*Problem statement*: Take the data and return it in full. Change nothing.

#### Excerpted data

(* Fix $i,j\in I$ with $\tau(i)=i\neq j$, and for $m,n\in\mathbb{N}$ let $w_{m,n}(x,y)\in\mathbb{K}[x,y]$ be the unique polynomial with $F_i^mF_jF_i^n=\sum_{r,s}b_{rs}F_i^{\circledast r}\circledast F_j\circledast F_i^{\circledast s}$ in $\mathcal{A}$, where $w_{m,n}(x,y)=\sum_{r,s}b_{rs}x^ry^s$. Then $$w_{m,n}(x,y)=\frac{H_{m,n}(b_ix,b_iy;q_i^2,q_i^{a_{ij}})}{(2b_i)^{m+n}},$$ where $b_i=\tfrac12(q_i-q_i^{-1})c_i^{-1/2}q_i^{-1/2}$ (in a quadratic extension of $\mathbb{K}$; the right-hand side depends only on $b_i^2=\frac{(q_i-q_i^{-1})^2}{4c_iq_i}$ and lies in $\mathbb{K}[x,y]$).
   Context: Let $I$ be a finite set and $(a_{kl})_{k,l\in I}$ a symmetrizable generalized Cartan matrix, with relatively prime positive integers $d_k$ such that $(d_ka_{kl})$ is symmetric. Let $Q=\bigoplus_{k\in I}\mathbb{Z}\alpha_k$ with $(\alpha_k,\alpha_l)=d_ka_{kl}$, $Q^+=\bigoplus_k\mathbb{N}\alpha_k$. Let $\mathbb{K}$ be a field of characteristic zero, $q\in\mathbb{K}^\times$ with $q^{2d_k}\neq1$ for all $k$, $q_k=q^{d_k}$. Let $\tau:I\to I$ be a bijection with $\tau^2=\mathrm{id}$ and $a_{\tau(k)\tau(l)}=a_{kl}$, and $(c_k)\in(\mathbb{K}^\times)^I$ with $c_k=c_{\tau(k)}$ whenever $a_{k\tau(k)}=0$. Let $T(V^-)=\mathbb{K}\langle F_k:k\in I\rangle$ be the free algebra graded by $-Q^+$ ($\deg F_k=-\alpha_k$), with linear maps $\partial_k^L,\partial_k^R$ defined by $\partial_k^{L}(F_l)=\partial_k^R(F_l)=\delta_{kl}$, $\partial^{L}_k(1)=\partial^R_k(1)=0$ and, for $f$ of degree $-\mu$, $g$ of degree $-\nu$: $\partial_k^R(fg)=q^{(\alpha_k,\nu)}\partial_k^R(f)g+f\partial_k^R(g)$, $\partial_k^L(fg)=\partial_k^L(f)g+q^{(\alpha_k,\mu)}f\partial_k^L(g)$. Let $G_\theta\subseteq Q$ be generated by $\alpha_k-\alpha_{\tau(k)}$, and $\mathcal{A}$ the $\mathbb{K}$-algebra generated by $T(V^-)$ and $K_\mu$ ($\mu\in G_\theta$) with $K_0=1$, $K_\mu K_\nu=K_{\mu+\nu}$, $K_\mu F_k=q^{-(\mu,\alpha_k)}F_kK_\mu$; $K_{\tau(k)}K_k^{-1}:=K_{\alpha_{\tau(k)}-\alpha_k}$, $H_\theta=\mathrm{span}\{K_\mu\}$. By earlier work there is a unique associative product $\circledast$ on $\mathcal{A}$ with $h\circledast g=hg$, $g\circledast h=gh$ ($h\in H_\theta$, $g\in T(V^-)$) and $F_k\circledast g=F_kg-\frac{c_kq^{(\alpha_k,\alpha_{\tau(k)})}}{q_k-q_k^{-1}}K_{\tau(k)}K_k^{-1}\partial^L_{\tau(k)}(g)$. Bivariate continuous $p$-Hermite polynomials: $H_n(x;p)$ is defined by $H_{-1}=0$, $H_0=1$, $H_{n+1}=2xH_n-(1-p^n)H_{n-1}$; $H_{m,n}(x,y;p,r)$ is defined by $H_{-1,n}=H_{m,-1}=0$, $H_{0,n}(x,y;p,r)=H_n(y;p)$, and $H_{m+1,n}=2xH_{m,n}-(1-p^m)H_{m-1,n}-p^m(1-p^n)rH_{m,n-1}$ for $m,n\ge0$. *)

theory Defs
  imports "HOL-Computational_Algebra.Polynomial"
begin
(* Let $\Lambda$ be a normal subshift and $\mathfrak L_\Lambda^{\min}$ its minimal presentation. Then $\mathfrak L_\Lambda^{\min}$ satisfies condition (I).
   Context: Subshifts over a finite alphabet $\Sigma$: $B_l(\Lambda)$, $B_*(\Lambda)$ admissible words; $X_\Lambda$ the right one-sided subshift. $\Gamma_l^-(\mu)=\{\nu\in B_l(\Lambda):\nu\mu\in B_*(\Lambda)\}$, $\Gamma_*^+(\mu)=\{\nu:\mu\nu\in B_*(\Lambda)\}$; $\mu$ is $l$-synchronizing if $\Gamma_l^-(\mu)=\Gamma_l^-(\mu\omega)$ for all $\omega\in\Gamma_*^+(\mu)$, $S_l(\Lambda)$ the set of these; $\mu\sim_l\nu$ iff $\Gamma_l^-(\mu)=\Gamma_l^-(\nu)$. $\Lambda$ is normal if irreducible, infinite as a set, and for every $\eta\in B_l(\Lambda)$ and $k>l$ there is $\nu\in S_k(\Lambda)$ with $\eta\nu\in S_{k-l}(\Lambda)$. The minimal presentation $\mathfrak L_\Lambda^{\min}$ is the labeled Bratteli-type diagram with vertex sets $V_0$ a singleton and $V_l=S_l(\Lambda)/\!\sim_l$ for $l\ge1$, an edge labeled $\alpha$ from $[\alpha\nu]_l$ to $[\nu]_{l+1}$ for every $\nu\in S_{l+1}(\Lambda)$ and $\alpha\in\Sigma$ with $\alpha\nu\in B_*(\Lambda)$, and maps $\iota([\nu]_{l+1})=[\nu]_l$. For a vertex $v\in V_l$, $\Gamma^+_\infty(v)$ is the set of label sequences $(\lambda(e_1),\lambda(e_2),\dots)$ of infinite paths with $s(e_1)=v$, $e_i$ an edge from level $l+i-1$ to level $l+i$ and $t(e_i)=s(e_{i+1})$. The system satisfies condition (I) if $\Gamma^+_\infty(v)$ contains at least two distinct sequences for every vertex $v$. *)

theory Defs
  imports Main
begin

########

*Completed exercise*:
(* Fix $i,j\in I$ with $\tau(i)=i\neq j$, and for $m,n\in\mathbb{N}$ let $w_{m,n}(x,y)\in\mathbb{K}[x,y]$ be the unique polynomial with $F_i^mF_jF_i^n=\sum_{r,s}b_{rs}F_i^{\circledast r}\circledast F_j\circledast F_i^{\circledast s}$ in $\mathcal{A}$, where $w_{m,n}(x,y)=\sum_{r,s}b_{rs}x^ry^s$. Then $$w_{m,n}(x,y)=\frac{H_{m,n}(b_ix,b_iy;q_i^2,q_i^{a_{ij}})}{(2b_i)^{m+n}},$$ where $b_i=\tfrac12(q_i-q_i^{-1})c_i^{-1/2}q_i^{-1/2}$ (in a quadratic extension of $\mathbb{K}$; the right-hand side depends only on $b_i^2=\frac{(q_i-q_i^{-1})^2}{4c_iq_i}$ and lies in $\mathbb{K}[x,y]$).
   Context: Let $I$ be a finite set and $(a_{kl})_{k,l\in I}$ a symmetrizable generalized Cartan matrix, with relatively prime positive integers $d_k$ such that $(d_ka_{kl})$ is symmetric. Let $Q=\bigoplus_{k\in I}\mathbb{Z}\alpha_k$ with $(\alpha_k,\alpha_l)=d_ka_{kl}$, $Q^+=\bigoplus_k\mathbb{N}\alpha_k$. Let $\mathbb{K}$ be a field of characteristic zero, $q\in\mathbb{K}^\times$ with $q^{2d_k}\neq1$ for all $k$, $q_k=q^{d_k}$. Let $\tau:I\to I$ be a bijection with $\tau^2=\mathrm{id}$ and $a_{\tau(k)\tau(l)}=a_{kl}$, and $(c_k)\in(\mathbb{K}^\times)^I$ with $c_k=c_{\tau(k)}$ whenever $a_{k\tau(k)}=0$. Let $T(V^-)=\mathbb{K}\langle F_k:k\in I\rangle$ be the free algebra graded by $-Q^+$ ($\deg F_k=-\alpha_k$), with linear maps $\partial_k^L,\partial_k^R$ defined by $\partial_k^{L}(F_l)=\partial_k^R(F_l)=\delta_{kl}$, $\partial^{L}_k(1)=\partial^R_k(1)=0$ and, for $f$ of degree $-\mu$, $g$ of degree $-\nu$: $\partial_k^R(fg)=q^{(\alpha_k,\nu)}\partial_k^R(f)g+f\partial_k^R(g)$, $\partial_k^L(fg)=\partial_k^L(f)g+q^{(\alpha_k,\mu)}f\partial_k^L(g)$. Let $G_\theta\subseteq Q$ be generated by $\alpha_k-\alpha_{\tau(k)}$, and $\mathcal{A}$ the $\mathbb{K}$-algebra generated by $T(V^-)$ and $K_\mu$ ($\mu\in G_\theta$) with $K_0=1$, $K_\mu K_\nu=K_{\mu+\nu}$, $K_\mu F_k=q^{-(\mu,\alpha_k)}F_kK_\mu$; $K_{\tau(k)}K_k^{-1}:=K_{\alpha_{\tau(k)}-\alpha_k}$, $H_\theta=\mathrm{span}\{K_\mu\}$. By earlier work there is a unique associative product $\circledast$ on $\mathcal{A}$ with $h\circledast g=hg$, $g\circledast h=gh$ ($h\in H_\theta$, $g\in T(V^-)$) and $F_k\circledast g=F_kg-\frac{c_kq^{(\alpha_k,\alpha_{\tau(k)})}}{q_k-q_k^{-1}}K_{\tau(k)}K_k^{-1}\partial^L_{\tau(k)}(g)$. Bivariate continuous $p$-Hermite polynomials: $H_n(x;p)$ is defined by $H_{-1}=0$, $H_0=1$, $H_{n+1}=2xH_n-(1-p^n)H_{n-1}$; $H_{m,n}(x,y;p,r)$ is defined by $H_{-1,n}=H_{m,-1}=0$, $H_{0,n}(x,y;p,r)=H_n(y;p)$, and $H_{m+1,n}=2xH_{m,n}-(1-p^m)H_{m-1,n}-p^m(1-p^n)rH_{m,n-1}$ for $m,n\ge0$. *)

theory Defs
  imports "HOL-Computational_Algebra.Polynomial"
begin
(* Let $\Lambda$ be a normal subshift and $\mathfrak L_\Lambda^{\min}$ its minimal presentation. Then $\mathfrak L_\Lambda^{\min}$ satisfies condition (I).
   Context: Subshifts over a finite alphabet $\Sigma$: $B_l(\Lambda)$, $B_*(\Lambda)$ admissible words; $X_\Lambda$ the right one-sided subshift. $\Gamma_l^-(\mu)=\{\nu\in B_l(\Lambda):\nu\mu\in B_*(\Lambda)\}$, $\Gamma_*^+(\mu)=\{\nu:\mu\nu\in B_*(\Lambda)\}$; $\mu$ is $l$-synchronizing if $\Gamma_l^-(\mu)=\Gamma_l^-(\mu\omega)$ for all $\omega\in\Gamma_*^+(\mu)$, $S_l(\Lambda)$ the set of these; $\mu\sim_l\nu$ iff $\Gamma_l^-(\mu)=\Gamma_l^-(\nu)$. $\Lambda$ is normal if irreducible, infinite as a set, and for every $\eta\in B_l(\Lambda)$ and $k>l$ there is $\nu\in S_k(\Lambda)$ with $\eta\nu\in S_{k-l}(\Lambda)$. The minimal presentation $\mathfrak L_\Lambda^{\min}$ is the labeled Bratteli-type diagram with vertex sets $V_0$ a singleton and $V_l=S_l(\Lambda)/\!\sim_l$ for $l\ge1$, an edge labeled $\alpha$ from $[\alpha\nu]_l$ to $[\nu]_{l+1}$ for every $\nu\in S_{l+1}(\Lambda)$ and $\alpha\in\Sigma$ with $\alpha\nu\in B_*(\Lambda)$, and maps $\iota([\nu]_{l+1})=[\nu]_l$. For a vertex $v\in V_l$, $\Gamma^+_\infty(v)$ is the set of label sequences $(\lambda(e_1),\lambda(e_2),\dots)$ of infinite paths with $s(e_1)=v$, $e_i$ an edge from level $l+i-1$ to level $l+i$ and $t(e_i)=s(e_{i+1})$. The system satisfies condition (I) if $\Gamma^+_\infty(v)$ contains at least two distinct sequences for every vertex $v$. *)

theory Defs
  imports Main
begin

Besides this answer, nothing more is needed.